I had never been so close to the lake before. I didn’t know if I liked it yet.

“Come on, Sanford.”

I was wasting microseconds outside – and not only to gather data. Maybe it wasn’t too late to abandon this ridiculous deal. No shame in one loss, right? And she didn’t play by any rules I ever learned, which was almost cheating.

Problem: almost. Not an option. I’d have to give her the point or take the forfeit.

Before I could think of the 47th reason to ruin my perfect record, Iren yanked me inside.

We were late – fashionably late, she’d insisted – and the floor was crowded. I let her pull me past a pileup on the dance floor. They were gyrating to something low and heavy, the kind of thing Instructor Marin called ‘primitive,’ a word she said with almost as much disdain as ‘organic.’ She said we should strive for mathematical elegance.

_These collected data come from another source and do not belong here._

(* Let J be the spin flip x \<mapsto> (\<sigma>y \<otimes> \<sigma>y) conj x, an antiunitary involution, and
   \<gamma>(U) = J U\<dagger> J U. Since \<gamma>(U) is unitary and satisfies \<gamma> J \<gamma> = J, it has an
   orthonormal eigenbasis and J preserves its eigenspaces, so it has two orthonormal J-fixed
   eigenvectors f1, f2; suitable phases zk then make gk = zk U fk J-fixed too. For an orthonormal
   J-fixed pair, f1 + i f2 is a product vector, so there are local unitaries L2 and L1 whose
   columns 0 and 3 span the plane of f1, f2 and the plane of g1, g2. Hence V = L1\<dagger> U L2
   preserves span{e0, e3} and span{e1, e2}. Conjugating by botCNOT, which swaps e1 and e3, makes V
   block diagonal, and every block-diagonal unitary diag(A, D) equals ctrl(D A\<dagger>) (1 \<otimes> A). *)

section \<open>Vectors and inner products\<close>

lemma less_4_cases_nat: "(i::nat) < 4 \<Longrightarrow> i = 0 \<or> i = 1 \<or> i = 2 \<or> i = 3"
  by auto

lemma less_2_cases_nat: "(i::nat) < 2 \<Longrightarrow> i = 0 \<or> i = 1"
  by auto

lemma sum_atLeast0LessThan_4:
  "(\<Sum>i = 0..<4::nat. f i) = f 0 + f 1 + f 2 + (f 3 :: 'a :: comm_monoid_add)"
  by (simp add: eval_nat_numeral atLeast0_lessThan_Suc add.commute add.left_commute)

lemma sum_atLeast0LessThan_2: "(\<Sum>i = 0..<2::nat. f i) = f 0 + (f 1 :: 'a :: comm_monoid_add)"
  by (simp add: eval_nat_numeral atLeast0_lessThan_Suc add.commute)

lemma diff_vec_eq_0_iff:
  fixes x y :: "'a :: ab_group_add vec"
  shows "x \<in> carrier_vec n \<Longrightarrow> y \<in> carrier_vec n \<Longrightarrow> x - y = 0\<^sub>v n \<longleftrightarrow> x = y"
  by (auto simp: vec_eq_iff)

lemma cscalar_prod_add_left:
  fixes x y z :: "complex vec"
  assumes "x \<in> carrier_vec n" "y \<in> carrier_vec n" "z \<in> carrier_vec n"
  shows "(x + y) \<bullet>c z = x \<bullet>c z + y \<bullet>c z"
  using assms by (simp add: add_scalar_prod_distrib[of _ n])

lemma cscalar_prod_diff_left:
  fixes x y z :: "complex vec"
  assumes "x \<in> carrier_vec n" "y \<in> carrier_vec n" "z \<in> carrier_vec n"
  shows "(x - y) \<bullet>c z = x \<bullet>c z - y \<bullet>c z"
  using assms by (simp add: minus_scalar_prod_distrib[of _ n])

She was my experience advisor. I listened to her.

But there was something appealing about the irregularity. It was like the wind, enjoyable because it was an aberration.

Instructor Marin would understand this, I thought. I could go back now with my observations – and a loss to a random stranger on my record. Which would damage my self-actualization.

Iren said the forfeit was coming to her ‘weekend sporting event,’ which I’m sure any functional being would define as an opportunity for training and data exchange.

This – I checked images and definitions from the Repository – was a rave.

“Hang on,” I said. “This isn’t what you promised.”

“Look, you see the track around the room?”

Strobe lights and meandering drunks ruined the visuals. Or, at least, what the light showed. I extended my sensors.

Echolocation is tricky in a room of thumping feet and powerful bass, but I have the best algorithms in town. Head Placer Koss said I’d be Council someday. All I had to do was not screw up. Not where anyone would see me, anyway.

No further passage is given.